Madrazo pointed out that when forces do in fact kill or capture a cartel kingpin, there is an uptick in violence as a result of the fragmentation of groups. He also addressed the constitutional costs of the war on drugs for Mexico’s legal system. The war on drugs, he argued, is eroding the legitimacy of Mexico’s Constitution by relying on flagrantly unconstitutional practices. One law that Madrazo considers unconstitutional is the arraigo, a mechanism which allows the government to detain individuals for up to 80 days without formal charges and without the right to legal representation. The Supreme Court of Justice of the Nation ruled the use of arraigo in the Criminal Code of the state of Chihuahua as unconstitutional, he said. Yet, despite the ruling, the practice continues.

“Our constitution has always been explicit ... in times of peace, the military will limit itself,” he explained.

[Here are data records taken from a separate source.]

(* Fix a social state $x\in\mathcal{X}$ and $i_0\in(0,1)$, and let $I(t)$ solve $$\dot I^d_i(t)=-\gamma I^d_i(t)+\lambda(1-s^d_i)\bigl(1-I^d_i(t)\bigr)d\,\Theta(t),\qquad \Theta(t)=\frac{\sum_{d}\sum_{i} d\,x^d_iI^d_i(t)}{\bar d},$$ with $I^d_i(0)=i_0$ for all $d,i$. Then for every $d\in\{1,\dots,D\}$ and all $i,j\in\{1,\dots,n^d\}$ with $i>j$ (so $s^d_i>s^d_j$), we have $I^d_i(t)<I^d_j(t)$ for all $t>0$.
   Context: Setting: $D\in\mathbb{N}_+$ populations indexed by degree $d\in\{1,\dots,D\}$, degree distribution $m^d\in[0,1]$, $\sum_dm^d=1$, $\bar d=\sum_d d\,m^d>0$. Population $d$ has strategies $0\le s^d_1<\dots<s^d_{n^d}\le1$ (strictly increasing). A social state is $x=(x^d_i)$ with $x^d_i\ge0$, $\sum_ix^d_i=m^d$; $\mathcal{X}$ is the set of social states. Constants $\lambda>0$, $\gamma>0$. *)

theory Defs
  imports "HOL-Analysis.Analysis"
begin

text \<open>Populations are indexed by degree d in {1..D}; population d has strategies
  indexed by i in {1..n d} with strategy values s d i.  A social state x assigns
  mass x d i to strategy i of population d.\<close>

definition social_state :: "nat \<Rightarrow> (nat \<Rightarrow> nat) \<Rightarrow> (nat \<Rightarrow> real) \<Rightarrow> (nat \<Rightarrow> nat \<Rightarrow> real) \<Rightarrow> bool" where
  "social_state D n m x \<longleftrightarrow>
     (\<forall>d\<in>{1..D}. (\<forall>i\<in>{1..n d}. x d i \<ge> 0) \<and> (\<Sum>i\<in>{1..n d}. x d i) = m d)"

definition mean_degree :: "nat \<Rightarrow> (nat \<Rightarrow> real) \<Rightarrow> real" where
  "mean_degree D m = (\<Sum>d\<in>{1..D}. real d * m d)"

definition Theta :: "nat \<Rightarrow> (nat \<Rightarrow> nat) \<Rightarrow> (nat \<Rightarrow> real) \<Rightarrow> (nat \<Rightarrow> nat \<Rightarrow> real)
    \<Rightarrow> (nat \<Rightarrow> nat \<Rightarrow> real \<Rightarrow> real) \<Rightarrow> real \<Rightarrow> real" where
  "Theta D n m x I t =
     (\<Sum>d\<in>{1..D}. \<Sum>i\<in>{1..n d}. real d * x d i * I d i t) / mean_degree D m"

end

theory Submission
  imports Defs
begin

(* As long as all infection levels lie in [0,1], both I and 1 - I satisfy f' >= -K f with
   K = gamma + lam D, so a first-exit argument with the integrating factor exp (K t) keeps every
   I^d_i in (0,1).  Then Theta > 0, and the gap g = I^d_j - I^d_i (j < i) obeys g' > -K g whenever
   g >= 0, because the larger strategy s^d_i lowers the exposure (1 - s^d_i) d Theta.  As g(0) = 0,
   g stays positive for t > 0. *)

lemma exp_scaled_increasing:
  fixes f f' :: "real \<Rightarrow> real"
  assumes "a \<le> b"
    and der: "\<And>t. t \<in> {a..b} \<Longrightarrow> (f has_real_derivative f' t) (at t within {a..b})"
    and bound: "\<And>t. t \<in> {a..b} \<Longrightarrow> f' t \<ge> - K * f t"
  shows "exp (K * a) * f a \<le> exp (K * b) * f b"
proof (rule DERIV_nonneg_imp_increasing_open[OF \<open>a \<le> b\<close>])
  fix t assume t: "a < t" "t < b"
  then have "(f has_real_derivative f' t) (at t)"
    using der[of t] by (simp add: at_within_Icc_at)
  then have "((\<lambda>t. exp (K * t) * f t) has_real_derivative exp (K * t) * (f' t + K * f t)) (at t)"
    by (auto intro!: derivative_eq_intros simp: algebra_simps)
  moreover have "f' t + K * f t \<ge> 0" using bound[of t] t by simp
  ultimately show "\<exists>y. ((\<lambda>t. exp (K * t) * f t) has_real_derivative y) (at t) \<and> 0 \<le> y"
    by auto
next
  show "continuous_on {a..b} (\<lambda>t. exp (K * t) * f t)"
    using der by (intro continuous_intros DERIV_continuous_on) auto
qed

Therefore, the use of the military for everyday policing in the streets, he argued, is unconstitutional. Since 2006, he said, the military has been conducting police work with “no constitutional foundation.” In its defense, according to Madrazo, the government cited an opinion summary from the Supreme Court of Justice of the Nation, which stated that it is constitutional for the military to do “auxiliary work.” However, Madrazo pointed out, the military is actually “leading the operations.”

“The opinion said they could be auxiliary as long as they are subordinate,” Madrazo said. “The constitutional costs creep in ... this is a very convenient interpretation at a very high level. There is no venue to challenge that legal interpretation of the president.”

A third constitutional cost Madrazo cited was AMLO’s militarizing of the National Guard against the Mexican Congress’s will.

“This administration comes in and there’s such a bad public opinion of the military,” he said.

Nonetheless, AMLO “proposed to make the National Guard a branch of the military in charge of public security.”

When Congress rejected his proposal, AMLO instead made it a “civilian body” whose budget is controlled by the Ministry of Defense. That budget structure made the National Guard part of the army in all but name, Madrazo explained, and it was quickly militarized.

“For three years, the president has been openly violating the constitution,” he said. “Now, he wants an amendment to accept that [the National Guard] is part of the military.”

Madrazo concluded that, in a poltically hegenmous system, Constitutional checks and balances are just a formality, easily overridden. 

“The war on drugs has fed into this crisis and has created this erosion of the constitutional system ... that has now made the perfect storm for an authoritarian establishment,” he said.